Agree with this. She realized that pursuing an acting career was never a "smart decision" and that it was never going to bring her the happiness and satisfaction that she wanted. She then realized that the "smart decision" would be to go all-in with Leonard because she loves him and he makes her happy and he's not going to subject her to constant disappointment and rejection like her acting career would.


----------



## Kablemodem (May 26, 2001)

I wonder if Amy will catch the bouquet at the wedding, or will Sheldon forbid her participation.


----------



## TonyD79 (Jan 4, 2002)

Kablemodem said:


> I wonder if Amy will catch the bouquet at the wedding, or will Sheldon forbid her participation.


I'm sure it's covered in the relationship agreement.


----------



## Hank (May 31, 2000)

Just for the record, I agree that Leonard is Penny's "fall back" option.

So they're going to get married, and then what? Leonard brings home the bacon and she's barefoot and pregnant? (yes, welcome back to the 50's  )

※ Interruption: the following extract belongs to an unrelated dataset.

(* In the setting and notation described in the context (GKSM iteration), assume $K<+\infty$ and $0<\alpha_{\min}\le\alpha_k\le\alpha_{\max}<\frac{2\underline{\eta}}{\underline{\eta}+L}$ for all $k$; put $\upsilon:=\frac{\underline{\eta}}{\alpha_{\max}}-\frac{\underline{\eta}+L}{2}>0$. Then: (i) $\|\mathbf x_{k+1}-\mathbf x_k\|\to0$, and every cluster point $\hat{\mathbf x}$ of $\{\mathbf x_k\}$ is a critical point of $\min_{\mathbf x\in\mathcal C}F(\mathbf x)$, i.e. $\mathbf 0\in\nabla F(\hat{\mathbf x})+\partial\iota_{\mathcal C}(\hat{\mathbf x})$. (ii) Suppose moreover that $\mathbf x_k\to\mathbf x^*$ and that $F_{\mathcal C}$ satisfies the KL inequality at $\bar{\mathbf x}=\mathbf x^*$ with desingularizing function $\varphi(s)=c\,s^{1-t}$ ($c>0$, $t\in[0,1)$), constant $\eta>0$ and a neighborhood $\mathcal U$ of $\mathbf x^*$ containing a closed ball $\mathcal B(\mathbf x^*,\Lambda)$, $\Lambda>0$. Set $F^*:=F(\mathbf x^* )$. Then there exists $K'>K+1$ such that $\mathbf x_k\in\mathcal B(\mathbf x^*,\Lambda)$ and $|F_{\mathcal C}(\mathbf x_k)-F^*|<\eta$ for all $k\ge K'$, and, with $F_{K'}:=F(\mathbf x_{K'})-F^*$ and $\gamma:=\sup_k\frac{[c(L\alpha_k+\overline{\eta})]^2}{\upsilon(1-t)^2\alpha_k^2}$, the following hold for $k\ge K'$: 1. if $t=0$: $F(\mathbf x_{k+1})-F^*\le\big(F_{K'}-\tfrac{1}{\gamma}(k-K'+1)\big)_+$, where $(a)_+=\max(a,0)$; 2. if $t\in(0,\tfrac12]$: $F(\mathbf x_{k+1})-F^*\le\Big(1-\frac{F_{K'}^{2t-1}}{F_{K'}^{2t-1}+\gamma}\Big)^{k-K'+1}F_{K'}$; 3. if $t\in(\tfrac12,1)$: for every $\sigma\in(0,1)$ and all sufficiently large $k$, $F(\mathbf x_{k+1})-F^*\le\big(F_{K'}^{1-2t}+q\,(k-K'+1)\big)^{\frac{1}{1-2t}}$ with $q=(t-\tfrac12)(1-\sigma)^{2t}/\gamma$.
   Context: Setting. Identify $\mathbb C^N$ with $\mathbb R^{2N}$ equipped with the real inner product $\mathrm{Re}\langle\mathbf u,\mathbf v\rangle$, where $\langle\mathbf u,\mathbf v\rangle=\mathbf u^{H}\mathbf v$ ($^H$ = conjugate transpose); all gradients are taken with respect to this inner product. Let $\mathbf A\in\mathbb C^{m\times N}$, $\mathbf y\in\mathbb C^m$ with $\mathbf A^H\mathbf y\neq\mathbf 0$, and $h(\mathbf x)=\frac12\|\mathbf A\mathbf x-\mathbf y\|_2^2$ (so $\nabla h(\mathbf x)=\mathbf A^H(\mathbf A\mathbf x-\mathbf y)$). Let $f:\mathbb C^N\to\mathbb R$ be differentiable and bounded below, with $\nabla f$ $L$-Lipschitz ($L>0$): $\|\nabla f(\mathbf x_1)-\nabla f(\mathbf x_2)\|\le L\|\mathbf x_1-\mathbf x_2\|$. Let $\mathcal C\subseteq\mathbb C^N$ be nonempty, closed and convex, $\iota_{\mathcal C}$ its indicator function ($0$ on $\mathcal C$, $+\infty$ outside), $F=h+f$, $F_{\mathcal C}=F+\iota_{\mathcal C}$, and $\|\mathbf x\|_{\mathbf M}^2=\mathbf x^H\mathbf M\mathbf x$. GKSM iteration. Fix $K\in\{1,2,\dots\}\cup\{+\infty\}$, stepsizes $\alpha_k>0$, and Hermitian matrices $\mathbf B_k\in\mathbb C^{N\times N}$ with $\underline{\eta}\,\mathbf I\preceq\mathbf B_k\preceq\overline{\eta}\,\mathbf I$ for all $k$, where $0<\underline{\eta}\le\overline{\eta}<\infty$ (in the paper $\mathbf B_k$ is produced by a modified self-scaling Hermitian rank-one quasi-Newton rule whose output satisfies these bounds). Let $\mathbf V_1=\mathbf A^H\mathbf y/\|\mathbf A^H\mathbf y\|$ and choose $\mathbf x_1\in\mathcal C\cap\operatorname{range}(\mathbf V_1)$. For $k=1,2,\dots$: define $\bar F_k(\mathbf x)=h(\mathbf x)+\mathrm{Re}\langle\nabla f(\mathbf x_k),\mathbf x\rangle+\frac{1}{2\alpha_k}\|\mathbf x-\mathbf x_k\|_{\mathbf B_k}^2$; let $\boldsymbol\beta_k$ be the (unique) minimizer of $\boldsymbol\beta\mapsto\bar F_k(\mathbf V_k\boldsymbol\beta)$ over $\{\boldsymbol\beta:\mathbf V_k\boldsymbol\beta\in\mathcal C\}$, and set $\mathbf x_{k+1}=\mathbf V_k\boldsymbol\beta_k$. Then, if $k\le K$: compute $\mathbf r_k=\nabla\bar F_k(\mathbf x_{k+1})=\mathbf A^H(\mathbf A\mathbf x_{k+1}-\mathbf y)+\nabla f(\mathbf x_k)+\alpha_k^{-1}\mathbf B_k(\mathbf x_{k+1}-\mathbf x_k)$ and $\tilde{\mathbf r}_k=(\mathbf I-\mathbf V_k\mathbf V_k^H)\mathbf r_k$; if $\tilde{\mathbf r}_k\ne\mathbf 0$ set $\mathbf V_{k+1}=[\mathbf V_k,\ \tilde{\mathbf r}_k/\|\tilde{\mathbf r}_k\|]$, otherwise $\mathbf V_{k+1}=\mathbf V_k$. If $k>K$: set $\mathbf V_{k+1}=\mathbf I_N$. (Thus every $\mathbf V_k$ has orthonormal columns, $\mathbf V_k^H\mathbf V_k=\mathbf I$.) KL inequality. A proper lower semicontinuous $\chi:\mathbb C^N\to(-\infty,+\infty]$ satisfies the Kurdyka–Łojasiewicz inequality at $\bar{\mathbf x}\in\operatorname{dom}\partial\chi$ if there exist $\eta>0$, a neighborhood $\mathcal U$ of $\bar{\mathbf x}$ and a continuous concave $\varphi:[0,\eta)\to\mathbb R_+$, continuously differentiable on $(0,\eta)$, with $\varphi(0)=0$ and $\varphi'>0$ on $(0,\eta)$, such that $\varphi'(|\chi(\mathbf x)-\chi(\bar{\mathbf x})|)\cdot\operatorname{dist}(\mathbf 0,\partial\chi(\mathbf x))\ge1$ for all $\mathbf x\in\mathcal U$ with $|\chi(\mathbf x)-\chi(\bar{\mathbf x})|<\eta$. Here $\partial$ denotes the (limiting) subdifferential and $\operatorname{dist}$ the Euclidean distance. *)

theory Defs
  imports "HOL-Analysis.Analysis"
begin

If acting isn't her thing, then Leonard can't be the replacement for that. She needs a career or job or something and not just rest her life on "being married to Leonard".


----------



## Hank (May 31, 2000)

Oh, and I do agree that they should kill of Howard's mother. The jokes are so old and tired now. Just be done with it already! Bury her in a huge pine box, and we'll never have to hear from her again (except when Bernadette channels her so well!).


----------



## betts4 (Dec 27, 2005)

Hank said:


> Just for the record, I agree that Leonard is Penny's "fall back" option.
> 
> So they're going to get married, and then what? Leonard brings home the bacon and she's barefoot and pregnant? (yes, welcome back to the 50's  )
> 
> If acting isn't her thing, then Leonard can't be the replacement for that. She needs a career or job or something and not just rest her life on "being married to Leonard".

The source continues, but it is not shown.